§ **Stored data entries**:

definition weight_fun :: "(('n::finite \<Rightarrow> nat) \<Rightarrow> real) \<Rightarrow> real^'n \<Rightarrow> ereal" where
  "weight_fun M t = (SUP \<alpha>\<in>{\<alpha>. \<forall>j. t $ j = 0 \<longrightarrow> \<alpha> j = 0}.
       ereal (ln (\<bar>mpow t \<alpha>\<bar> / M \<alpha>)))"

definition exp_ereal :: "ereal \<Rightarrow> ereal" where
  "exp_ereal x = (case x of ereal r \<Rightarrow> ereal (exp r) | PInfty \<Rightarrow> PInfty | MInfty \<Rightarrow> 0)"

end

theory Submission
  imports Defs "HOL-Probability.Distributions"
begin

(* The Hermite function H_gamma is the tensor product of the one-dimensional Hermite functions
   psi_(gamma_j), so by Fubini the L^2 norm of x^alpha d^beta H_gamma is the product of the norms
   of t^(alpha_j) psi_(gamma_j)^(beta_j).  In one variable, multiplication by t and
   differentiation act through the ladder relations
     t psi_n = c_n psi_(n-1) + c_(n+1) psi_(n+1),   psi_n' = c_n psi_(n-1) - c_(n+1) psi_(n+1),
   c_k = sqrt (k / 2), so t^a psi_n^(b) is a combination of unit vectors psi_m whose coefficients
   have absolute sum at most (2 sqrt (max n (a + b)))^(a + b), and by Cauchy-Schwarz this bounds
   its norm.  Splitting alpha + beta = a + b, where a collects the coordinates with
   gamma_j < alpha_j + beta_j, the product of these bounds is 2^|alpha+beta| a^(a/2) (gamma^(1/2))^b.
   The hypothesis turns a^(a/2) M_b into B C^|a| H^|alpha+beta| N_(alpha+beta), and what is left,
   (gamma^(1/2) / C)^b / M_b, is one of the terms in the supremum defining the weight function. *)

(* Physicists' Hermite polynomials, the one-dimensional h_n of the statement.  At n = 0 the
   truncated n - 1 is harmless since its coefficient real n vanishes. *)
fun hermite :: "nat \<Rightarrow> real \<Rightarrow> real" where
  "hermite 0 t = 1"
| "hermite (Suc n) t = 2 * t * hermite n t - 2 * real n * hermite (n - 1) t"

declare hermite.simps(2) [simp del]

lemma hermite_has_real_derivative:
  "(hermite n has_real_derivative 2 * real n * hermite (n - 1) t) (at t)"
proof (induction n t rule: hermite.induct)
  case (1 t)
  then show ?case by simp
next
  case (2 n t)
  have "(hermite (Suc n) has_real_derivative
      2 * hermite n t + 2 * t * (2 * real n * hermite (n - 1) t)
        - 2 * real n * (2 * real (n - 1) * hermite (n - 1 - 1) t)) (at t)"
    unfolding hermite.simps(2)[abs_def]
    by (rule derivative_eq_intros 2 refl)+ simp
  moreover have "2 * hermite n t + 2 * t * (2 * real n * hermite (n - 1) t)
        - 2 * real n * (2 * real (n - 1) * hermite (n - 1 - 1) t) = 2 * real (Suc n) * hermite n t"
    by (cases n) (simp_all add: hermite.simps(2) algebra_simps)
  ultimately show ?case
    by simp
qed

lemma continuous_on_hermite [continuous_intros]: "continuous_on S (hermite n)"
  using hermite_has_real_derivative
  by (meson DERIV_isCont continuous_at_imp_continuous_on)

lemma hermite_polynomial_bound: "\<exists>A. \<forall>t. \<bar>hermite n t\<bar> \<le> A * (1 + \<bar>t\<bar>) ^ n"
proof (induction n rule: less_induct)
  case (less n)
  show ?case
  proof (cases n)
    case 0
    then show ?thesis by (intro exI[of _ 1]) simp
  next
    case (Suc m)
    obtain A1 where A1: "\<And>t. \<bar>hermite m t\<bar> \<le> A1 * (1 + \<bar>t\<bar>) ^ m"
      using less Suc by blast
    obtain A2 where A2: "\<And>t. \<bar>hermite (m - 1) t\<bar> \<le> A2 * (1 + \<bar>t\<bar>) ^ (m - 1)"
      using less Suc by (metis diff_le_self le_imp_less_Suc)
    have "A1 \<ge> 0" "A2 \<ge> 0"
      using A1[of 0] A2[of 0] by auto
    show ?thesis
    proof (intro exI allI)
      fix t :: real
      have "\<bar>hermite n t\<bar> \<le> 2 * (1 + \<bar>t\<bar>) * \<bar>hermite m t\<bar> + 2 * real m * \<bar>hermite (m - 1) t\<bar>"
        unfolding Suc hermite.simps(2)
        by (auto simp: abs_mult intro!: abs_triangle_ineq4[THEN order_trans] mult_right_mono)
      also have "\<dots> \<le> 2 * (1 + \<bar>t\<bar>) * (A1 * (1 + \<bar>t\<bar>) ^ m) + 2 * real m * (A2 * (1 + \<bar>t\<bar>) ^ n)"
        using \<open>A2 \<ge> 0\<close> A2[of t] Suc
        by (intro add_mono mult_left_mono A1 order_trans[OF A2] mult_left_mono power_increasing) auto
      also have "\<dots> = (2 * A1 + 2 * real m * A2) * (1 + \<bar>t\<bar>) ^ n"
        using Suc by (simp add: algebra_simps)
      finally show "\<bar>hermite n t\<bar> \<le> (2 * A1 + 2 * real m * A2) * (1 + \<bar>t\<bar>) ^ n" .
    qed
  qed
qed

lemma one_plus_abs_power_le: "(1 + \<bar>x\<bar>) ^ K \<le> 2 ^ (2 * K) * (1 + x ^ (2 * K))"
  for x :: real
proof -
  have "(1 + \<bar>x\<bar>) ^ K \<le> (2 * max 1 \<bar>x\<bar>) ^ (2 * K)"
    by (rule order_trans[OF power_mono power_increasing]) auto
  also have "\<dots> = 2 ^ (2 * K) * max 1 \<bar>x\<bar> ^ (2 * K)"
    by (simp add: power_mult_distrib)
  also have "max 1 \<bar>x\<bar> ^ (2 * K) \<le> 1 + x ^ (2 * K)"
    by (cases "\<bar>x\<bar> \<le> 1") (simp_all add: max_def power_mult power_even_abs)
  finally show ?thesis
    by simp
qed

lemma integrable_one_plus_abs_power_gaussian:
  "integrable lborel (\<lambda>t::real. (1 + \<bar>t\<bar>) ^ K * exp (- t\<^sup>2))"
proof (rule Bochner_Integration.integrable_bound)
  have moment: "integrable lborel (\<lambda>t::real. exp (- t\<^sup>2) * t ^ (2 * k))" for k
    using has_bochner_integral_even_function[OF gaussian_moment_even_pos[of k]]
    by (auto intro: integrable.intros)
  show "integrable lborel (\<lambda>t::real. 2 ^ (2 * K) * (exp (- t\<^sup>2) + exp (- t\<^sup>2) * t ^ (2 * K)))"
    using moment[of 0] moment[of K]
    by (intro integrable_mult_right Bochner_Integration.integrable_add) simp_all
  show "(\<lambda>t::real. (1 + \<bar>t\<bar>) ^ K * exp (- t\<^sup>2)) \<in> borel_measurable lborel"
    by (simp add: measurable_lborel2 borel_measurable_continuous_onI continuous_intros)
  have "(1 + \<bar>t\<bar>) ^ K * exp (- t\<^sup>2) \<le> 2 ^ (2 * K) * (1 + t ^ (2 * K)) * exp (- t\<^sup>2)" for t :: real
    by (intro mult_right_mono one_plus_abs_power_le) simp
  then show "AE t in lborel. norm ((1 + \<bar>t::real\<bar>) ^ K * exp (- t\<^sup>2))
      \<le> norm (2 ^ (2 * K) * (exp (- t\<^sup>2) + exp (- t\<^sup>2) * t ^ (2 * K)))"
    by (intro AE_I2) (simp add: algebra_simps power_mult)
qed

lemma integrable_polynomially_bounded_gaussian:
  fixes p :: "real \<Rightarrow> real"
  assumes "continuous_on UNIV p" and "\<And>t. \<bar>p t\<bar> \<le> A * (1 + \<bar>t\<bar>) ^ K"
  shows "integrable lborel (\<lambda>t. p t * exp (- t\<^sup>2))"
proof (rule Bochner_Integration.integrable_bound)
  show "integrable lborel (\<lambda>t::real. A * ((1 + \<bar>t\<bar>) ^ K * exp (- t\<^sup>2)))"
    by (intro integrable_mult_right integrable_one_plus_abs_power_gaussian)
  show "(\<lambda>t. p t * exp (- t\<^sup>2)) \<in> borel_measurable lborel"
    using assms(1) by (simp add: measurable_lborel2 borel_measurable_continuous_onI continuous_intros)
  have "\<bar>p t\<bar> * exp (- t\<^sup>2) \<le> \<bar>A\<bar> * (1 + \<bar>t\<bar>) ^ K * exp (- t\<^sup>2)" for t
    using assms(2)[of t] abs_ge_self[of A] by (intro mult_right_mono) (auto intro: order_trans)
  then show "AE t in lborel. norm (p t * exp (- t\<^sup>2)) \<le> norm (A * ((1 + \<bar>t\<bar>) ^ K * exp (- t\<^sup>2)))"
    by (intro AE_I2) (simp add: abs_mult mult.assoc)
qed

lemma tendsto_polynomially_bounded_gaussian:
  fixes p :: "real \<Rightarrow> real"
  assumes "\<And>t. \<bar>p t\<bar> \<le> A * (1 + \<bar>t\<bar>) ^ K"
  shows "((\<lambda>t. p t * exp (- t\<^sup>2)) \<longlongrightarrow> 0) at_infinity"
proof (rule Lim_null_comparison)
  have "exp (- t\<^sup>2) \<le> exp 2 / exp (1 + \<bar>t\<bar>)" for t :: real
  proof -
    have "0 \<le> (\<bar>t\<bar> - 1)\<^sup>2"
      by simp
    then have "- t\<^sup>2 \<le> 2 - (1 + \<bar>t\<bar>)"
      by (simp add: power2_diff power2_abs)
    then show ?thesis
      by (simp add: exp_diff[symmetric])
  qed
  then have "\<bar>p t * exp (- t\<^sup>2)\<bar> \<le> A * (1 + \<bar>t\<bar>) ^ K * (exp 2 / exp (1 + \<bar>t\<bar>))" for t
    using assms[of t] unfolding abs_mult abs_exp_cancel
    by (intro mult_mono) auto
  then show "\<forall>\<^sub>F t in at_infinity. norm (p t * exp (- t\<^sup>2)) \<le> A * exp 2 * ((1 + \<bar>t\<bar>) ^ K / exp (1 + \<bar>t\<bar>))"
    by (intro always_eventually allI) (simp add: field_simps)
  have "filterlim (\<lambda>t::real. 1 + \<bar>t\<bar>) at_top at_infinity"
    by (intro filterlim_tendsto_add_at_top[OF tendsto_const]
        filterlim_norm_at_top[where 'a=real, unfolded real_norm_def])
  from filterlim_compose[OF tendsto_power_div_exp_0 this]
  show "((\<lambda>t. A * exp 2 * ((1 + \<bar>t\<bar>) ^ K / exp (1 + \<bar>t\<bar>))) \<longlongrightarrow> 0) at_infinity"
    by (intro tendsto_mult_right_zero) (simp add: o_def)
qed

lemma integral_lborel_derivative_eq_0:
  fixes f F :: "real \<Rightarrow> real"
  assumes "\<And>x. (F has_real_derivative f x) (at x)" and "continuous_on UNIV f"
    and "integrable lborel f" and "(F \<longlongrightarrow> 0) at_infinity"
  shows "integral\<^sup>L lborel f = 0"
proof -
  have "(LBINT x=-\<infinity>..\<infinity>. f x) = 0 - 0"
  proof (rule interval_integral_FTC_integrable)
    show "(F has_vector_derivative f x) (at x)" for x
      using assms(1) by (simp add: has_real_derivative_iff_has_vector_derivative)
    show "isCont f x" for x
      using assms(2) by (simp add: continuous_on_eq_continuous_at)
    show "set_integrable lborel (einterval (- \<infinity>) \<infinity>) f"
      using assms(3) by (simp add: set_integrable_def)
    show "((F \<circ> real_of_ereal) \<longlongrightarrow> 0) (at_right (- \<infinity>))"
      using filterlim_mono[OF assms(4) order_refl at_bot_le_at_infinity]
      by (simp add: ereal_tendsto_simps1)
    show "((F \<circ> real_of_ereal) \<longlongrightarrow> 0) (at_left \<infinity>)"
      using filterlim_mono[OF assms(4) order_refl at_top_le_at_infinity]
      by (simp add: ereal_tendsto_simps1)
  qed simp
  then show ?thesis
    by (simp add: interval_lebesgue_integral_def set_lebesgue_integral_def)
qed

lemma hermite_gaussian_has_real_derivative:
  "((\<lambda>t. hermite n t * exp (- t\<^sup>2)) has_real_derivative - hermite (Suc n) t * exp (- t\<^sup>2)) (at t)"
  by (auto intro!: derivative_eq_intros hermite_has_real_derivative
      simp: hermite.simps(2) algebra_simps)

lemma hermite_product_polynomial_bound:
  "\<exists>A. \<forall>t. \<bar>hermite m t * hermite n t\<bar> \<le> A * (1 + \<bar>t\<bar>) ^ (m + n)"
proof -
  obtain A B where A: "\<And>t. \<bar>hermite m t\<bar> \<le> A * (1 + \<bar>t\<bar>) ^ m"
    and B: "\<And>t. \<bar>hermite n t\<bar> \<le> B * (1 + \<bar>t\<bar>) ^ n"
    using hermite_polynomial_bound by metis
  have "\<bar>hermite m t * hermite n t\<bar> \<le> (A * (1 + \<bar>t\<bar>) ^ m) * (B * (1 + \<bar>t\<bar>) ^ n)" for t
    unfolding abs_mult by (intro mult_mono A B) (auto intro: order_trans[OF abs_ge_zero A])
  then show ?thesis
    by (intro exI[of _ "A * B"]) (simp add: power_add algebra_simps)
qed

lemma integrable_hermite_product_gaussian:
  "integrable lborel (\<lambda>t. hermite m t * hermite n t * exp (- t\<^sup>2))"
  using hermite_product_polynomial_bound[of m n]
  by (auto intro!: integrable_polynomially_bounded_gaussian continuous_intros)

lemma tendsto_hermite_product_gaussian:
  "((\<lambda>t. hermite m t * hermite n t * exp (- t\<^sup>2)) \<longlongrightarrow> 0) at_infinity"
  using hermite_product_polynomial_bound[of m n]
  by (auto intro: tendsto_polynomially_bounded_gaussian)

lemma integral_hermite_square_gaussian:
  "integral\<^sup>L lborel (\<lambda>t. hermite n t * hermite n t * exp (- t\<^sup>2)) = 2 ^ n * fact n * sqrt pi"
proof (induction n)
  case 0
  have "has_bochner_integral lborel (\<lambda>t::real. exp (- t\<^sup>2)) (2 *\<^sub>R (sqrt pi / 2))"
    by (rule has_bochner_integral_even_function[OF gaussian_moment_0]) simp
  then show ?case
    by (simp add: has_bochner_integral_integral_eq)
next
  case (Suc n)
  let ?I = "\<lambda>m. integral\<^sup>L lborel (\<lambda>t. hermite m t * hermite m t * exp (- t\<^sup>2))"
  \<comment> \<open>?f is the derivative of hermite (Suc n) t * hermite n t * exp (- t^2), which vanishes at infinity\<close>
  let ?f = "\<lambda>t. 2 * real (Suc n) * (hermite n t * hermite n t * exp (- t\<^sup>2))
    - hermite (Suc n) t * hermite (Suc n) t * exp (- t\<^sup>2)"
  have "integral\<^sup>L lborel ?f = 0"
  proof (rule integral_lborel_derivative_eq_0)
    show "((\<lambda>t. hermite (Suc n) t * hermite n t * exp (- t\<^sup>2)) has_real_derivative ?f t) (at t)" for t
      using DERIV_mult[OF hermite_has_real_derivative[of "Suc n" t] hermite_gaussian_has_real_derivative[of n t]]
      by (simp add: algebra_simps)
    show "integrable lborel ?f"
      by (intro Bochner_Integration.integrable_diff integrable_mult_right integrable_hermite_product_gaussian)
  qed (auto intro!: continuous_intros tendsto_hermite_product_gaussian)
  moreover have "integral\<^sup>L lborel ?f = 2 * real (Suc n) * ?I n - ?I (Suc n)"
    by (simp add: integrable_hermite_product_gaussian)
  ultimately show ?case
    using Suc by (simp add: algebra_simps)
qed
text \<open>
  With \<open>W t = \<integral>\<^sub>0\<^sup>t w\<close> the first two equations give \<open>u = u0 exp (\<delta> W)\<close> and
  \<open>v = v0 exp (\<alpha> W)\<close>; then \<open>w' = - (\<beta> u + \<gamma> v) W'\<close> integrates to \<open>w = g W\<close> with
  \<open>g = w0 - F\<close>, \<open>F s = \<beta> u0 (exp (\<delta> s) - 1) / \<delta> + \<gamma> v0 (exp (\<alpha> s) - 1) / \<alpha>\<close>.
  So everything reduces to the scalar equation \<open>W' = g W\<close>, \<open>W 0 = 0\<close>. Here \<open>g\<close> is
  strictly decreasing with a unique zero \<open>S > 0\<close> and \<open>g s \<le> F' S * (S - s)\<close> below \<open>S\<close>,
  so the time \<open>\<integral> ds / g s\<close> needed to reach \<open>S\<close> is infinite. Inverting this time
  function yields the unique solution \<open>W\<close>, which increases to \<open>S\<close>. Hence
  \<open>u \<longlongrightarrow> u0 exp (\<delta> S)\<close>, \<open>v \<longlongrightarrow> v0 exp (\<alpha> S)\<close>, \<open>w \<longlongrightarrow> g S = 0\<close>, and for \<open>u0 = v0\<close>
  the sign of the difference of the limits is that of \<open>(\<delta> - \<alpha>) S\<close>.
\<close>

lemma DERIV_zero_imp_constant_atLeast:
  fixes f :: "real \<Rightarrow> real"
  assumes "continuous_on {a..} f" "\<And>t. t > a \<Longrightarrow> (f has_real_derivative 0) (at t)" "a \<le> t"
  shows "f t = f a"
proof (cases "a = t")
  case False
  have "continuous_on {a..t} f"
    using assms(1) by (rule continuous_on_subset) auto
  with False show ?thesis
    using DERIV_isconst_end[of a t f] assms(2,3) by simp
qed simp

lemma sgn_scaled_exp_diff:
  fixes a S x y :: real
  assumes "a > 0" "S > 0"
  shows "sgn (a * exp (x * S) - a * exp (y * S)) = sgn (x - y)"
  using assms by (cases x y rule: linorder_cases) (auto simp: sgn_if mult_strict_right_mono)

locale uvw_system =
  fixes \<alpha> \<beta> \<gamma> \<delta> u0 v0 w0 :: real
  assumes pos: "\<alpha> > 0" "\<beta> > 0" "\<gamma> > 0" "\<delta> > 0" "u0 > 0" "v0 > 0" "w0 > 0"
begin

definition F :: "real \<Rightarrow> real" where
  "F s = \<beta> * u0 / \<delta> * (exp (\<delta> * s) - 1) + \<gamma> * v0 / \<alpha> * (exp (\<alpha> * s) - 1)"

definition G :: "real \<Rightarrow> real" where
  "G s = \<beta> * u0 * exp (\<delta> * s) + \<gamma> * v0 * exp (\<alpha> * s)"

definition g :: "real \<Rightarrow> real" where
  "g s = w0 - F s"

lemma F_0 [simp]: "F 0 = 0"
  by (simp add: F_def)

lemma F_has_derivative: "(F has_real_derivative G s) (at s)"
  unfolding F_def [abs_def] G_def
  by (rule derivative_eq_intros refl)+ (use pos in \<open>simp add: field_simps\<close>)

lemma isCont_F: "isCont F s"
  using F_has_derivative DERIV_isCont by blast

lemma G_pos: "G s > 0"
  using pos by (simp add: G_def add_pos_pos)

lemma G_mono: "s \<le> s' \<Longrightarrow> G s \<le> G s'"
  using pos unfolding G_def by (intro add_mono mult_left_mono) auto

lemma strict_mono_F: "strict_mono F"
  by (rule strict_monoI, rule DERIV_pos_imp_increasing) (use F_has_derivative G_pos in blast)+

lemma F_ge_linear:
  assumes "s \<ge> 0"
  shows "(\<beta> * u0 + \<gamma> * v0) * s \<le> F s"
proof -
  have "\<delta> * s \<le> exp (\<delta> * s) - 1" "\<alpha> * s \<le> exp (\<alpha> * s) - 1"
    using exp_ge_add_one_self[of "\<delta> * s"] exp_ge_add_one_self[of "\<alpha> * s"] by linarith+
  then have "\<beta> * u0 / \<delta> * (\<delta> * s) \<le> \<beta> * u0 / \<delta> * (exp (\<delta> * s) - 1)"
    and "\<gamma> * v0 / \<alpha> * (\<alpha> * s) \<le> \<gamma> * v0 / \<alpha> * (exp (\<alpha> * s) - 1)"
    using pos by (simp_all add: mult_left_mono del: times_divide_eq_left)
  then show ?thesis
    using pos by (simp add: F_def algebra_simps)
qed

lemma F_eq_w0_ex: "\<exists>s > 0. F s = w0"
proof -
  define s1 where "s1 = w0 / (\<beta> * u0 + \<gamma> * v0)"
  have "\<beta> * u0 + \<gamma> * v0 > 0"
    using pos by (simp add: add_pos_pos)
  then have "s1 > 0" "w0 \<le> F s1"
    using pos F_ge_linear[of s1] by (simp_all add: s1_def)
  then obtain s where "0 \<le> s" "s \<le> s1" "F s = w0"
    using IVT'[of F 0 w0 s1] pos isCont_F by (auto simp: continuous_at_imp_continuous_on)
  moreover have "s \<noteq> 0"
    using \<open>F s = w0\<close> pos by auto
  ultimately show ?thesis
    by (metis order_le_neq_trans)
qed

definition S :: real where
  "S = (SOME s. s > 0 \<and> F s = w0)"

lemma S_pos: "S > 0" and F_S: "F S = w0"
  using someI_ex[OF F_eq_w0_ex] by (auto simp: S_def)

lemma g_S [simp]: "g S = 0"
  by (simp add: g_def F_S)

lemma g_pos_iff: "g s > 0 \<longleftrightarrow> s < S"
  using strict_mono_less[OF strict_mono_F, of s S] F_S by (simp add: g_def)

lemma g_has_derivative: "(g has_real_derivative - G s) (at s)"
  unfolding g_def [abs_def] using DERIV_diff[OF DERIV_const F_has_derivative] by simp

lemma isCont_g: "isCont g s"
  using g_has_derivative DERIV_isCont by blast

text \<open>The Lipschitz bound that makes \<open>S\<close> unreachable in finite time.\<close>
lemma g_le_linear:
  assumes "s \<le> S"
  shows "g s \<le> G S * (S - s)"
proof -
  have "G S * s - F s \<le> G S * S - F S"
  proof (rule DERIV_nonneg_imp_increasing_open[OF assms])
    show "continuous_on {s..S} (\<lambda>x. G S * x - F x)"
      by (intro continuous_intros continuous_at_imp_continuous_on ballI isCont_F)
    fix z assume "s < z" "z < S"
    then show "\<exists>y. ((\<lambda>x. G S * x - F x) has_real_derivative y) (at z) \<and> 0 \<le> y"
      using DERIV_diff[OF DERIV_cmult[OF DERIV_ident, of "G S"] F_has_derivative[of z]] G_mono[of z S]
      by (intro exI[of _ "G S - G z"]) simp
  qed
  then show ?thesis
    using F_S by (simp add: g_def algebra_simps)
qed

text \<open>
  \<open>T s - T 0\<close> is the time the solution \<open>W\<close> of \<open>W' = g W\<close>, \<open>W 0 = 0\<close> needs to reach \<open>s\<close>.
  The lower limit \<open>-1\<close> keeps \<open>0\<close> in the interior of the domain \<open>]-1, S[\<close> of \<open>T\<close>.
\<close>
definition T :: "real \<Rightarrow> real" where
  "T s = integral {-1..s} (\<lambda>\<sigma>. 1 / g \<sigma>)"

§ **What to produce**: Return each line from the data where the string "circ" can be found.

§ **Response box**:
    show "((F \<circ> real_of_ereal) \<longlongrightarrow> 0) (at_right (- \<infinity>))"
    show "((F \<circ> real_of_ereal) \<longlongrightarrow> 0) (at_left \<infinity>)"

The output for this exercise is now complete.